Share your dilemmas and get honest opinions from other Mumsnetters.

FIL comments about son's DLA

91 replies

WWYDNameChange · 09/06/2018 14:32

First of all, apologies if this doesn't end up in paragraphs, it should have them, but the app always messes them up for me!

DS is 4 and severely Autistic. He's non verbal, doesn't understand language and can be extremely difficult to manage when out and about. We're currently hiring a SEN pram which is costing us a fortune whilst we wait for special twin one to be made (DS2 is almost 2 and also on the pathway)

Anyway. We see PIL maybe 3 times a month by their request. Tbh, the visits are always a bit stressful as FIL seems very unaware and unsympathetic towards his grandson. FWIW his youngest daughter is only 5 and StepMIL is a childminder, so it's not as if he's not used to being around small children or anything.

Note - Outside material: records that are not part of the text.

theorem theorem3p8:
  fixes zw zw' zs :: real and r h :: "real \<Rightarrow> real"
  assumes "zw < zw'"
    and "\<forall>z\<in>{zw<..<zw'}. r differentiable (at z)"
    and "\<forall>x\<in>{zw<..<zw'}. \<forall>y\<in>{zw<..<zw'}. x \<le> y \<longrightarrow> r y \<le> r x"
    and "\<forall>z\<in>{zw<..<zw'}. (h has_real_derivative (1 + (h z)\<^sup>2 - 2 * r z * h z)) (at z)"
    and "zs \<in> {zw<..<zw'}" and "h zs = 0"
    and "\<forall>z\<in>{zw<..<zw'}. h z = 0 \<longrightarrow> z = zs"
  shows "((\<forall>z\<in>{zw<..<zs}. r z > 0) \<longrightarrow>
           (\<forall>z0\<in>{zw<..<zs}. iterates_well_defined zw zw' h r z0 \<and>
              incseq (\<lambda>n. (newton_map h r ^^ n) z0) \<and>
              (\<lambda>n. (newton_map h r ^^ n) z0) \<longlonglongrightarrow> zs))
       \<and> ((\<forall>z\<in>{zs<..<zw'}. r z < 0) \<longrightarrow>
           (\<forall>z0\<in>{zs<..<zw'}. iterates_well_defined zw zw' h r z0 \<and>
              decseq (\<lambda>n. (newton_map h r ^^ n) z0) \<and>
              (\<lambda>n. (newton_map h r ^^ n) z0) \<longlonglongrightarrow> zs))"
proof -
  have zs: "zw < zs" "zs < zw'"
    using assms(5) by auto
  have r_cont: "isCont r z" if "zw < z" "z < zw'" for z
    using assms(2) that DERIV_isCont real_differentiable_def by fastforce
  have r_antimono: "r y \<le> r x" if "zw < x" "x \<le> y" "y < zw'" for x y
    using assms(3) that by auto
  have h_deriv: "(h has_real_derivative 1 + (h z)\<^sup>2 - 2 * r z * h z) (at z)"
    if "zw < z" "z < zw'" for z
    using assms(4) that by auto
  have h_nonzero: "h z \<noteq> 0" if "zw < z" "z < zw'" "z \<noteq> zs" for z
    using assms(7) that by auto
  show ?thesis
  proof (rule conjI; intro impI ballI)
    fix z0 assume "\<forall>z\<in>{zw<..<zs}. 0 < r z" "z0 \<in> {zw<..<zs}"
    then interpret riccati_left_of_root zw zs r h
      using zs \<open>h zs = 0\<close> r_cont r_antimono h_deriv h_nonzero by unfold_locales simp_all
    have "iterates_well_defined zw zs h r z0 \<and> incseq (\<lambda>n. (newton_map h r ^^ n) z0) \<and>
        (\<lambda>n. (newton_map h r ^^ n) z0) \<longlonglongrightarrow> zs"
      using \<open>z0 \<in> {zw<..<zs}\<close> by (intro newton_iterates_increase_to_root) simp_all
    then show "iterates_well_defined zw zw' h r z0 \<and> incseq (\<lambda>n. (newton_map h r ^^ n) z0) \<and>
        (\<lambda>n. (newton_map h r ^^ n) z0) \<longlonglongrightarrow> zs"
      using iterates_well_defined_mono[of zw zs h r z0 zw zw'] zs by simp
  next
    fix z0 assume "\<forall>z\<in>{zs<..<zw'}. r z < 0" "z0 \<in> {zs<..<zw'}"
    then have "iterates_well_defined zs zw' h r z0 \<and> decseq (\<lambda>n. (newton_map h r ^^ n) z0) \<and>
        (\<lambda>n. (newton_map h r ^^ n) z0) \<longlonglongrightarrow> zs"
      using zs \<open>h zs = 0\<close> r_cont r_antimono h_deriv h_nonzero
      by (intro newton_iterates_decrease_to_root) simp_all
    then show "iterates_well_defined zw zw' h r z0 \<and> decseq (\<lambda>n. (newton_map h r ^^ n) z0) \<and>
        (\<lambda>n. (newton_map h r ^^ n) z0) \<longlonglongrightarrow> zs"
      using iterates_well_defined_mono[of zs zw' h r z0 zw zw'] zs by simp
  qed
qed

end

FIL seems obsessed with money and seems to 'jokingly' go on about what benefits we get. Even though myself and my Husband don't even claim half the stuff we're entitled to because we get by okay.

Now that our son is 4, we decided to apply for Hight Rate Mobility DLA. We spent months doing the form, which is a gruelling process, gathering all types of reports from different people and even sent in a mandatory reconsideration after he was rejected.

This week, the DLA have awarded DS high rate care and high rate mobility until 2031. I honestly sobbed for four hours with relief. This is absolutely life changing for us, we'll be able to order a car that's safe and big enough for the equipment we need to bring with us, as well as cutting down on the costs of taxis and trains (currently can't afford to run a car at all) DS has several appointments a month, all 10 miles away from home. It's currently a 3 hour round trip on the bus, whereas it's 20 minutes in the car. My Mum and Dad help out where they can, often with lifts and emotional support as they can't physically look either DS.

Anyway. DH phoned FIL to tell him the good news, my parents were over the moon for us and understand how hard we worked to get DS what he deserved. FIL's first and only comment was, 'Well my taxes better not be paying for it.'
Is this how people really feel? Is this what everyone will think of us? Will people really feel resentment at a disabled child being entitled to a mobility car to ensure his safety and quality of life?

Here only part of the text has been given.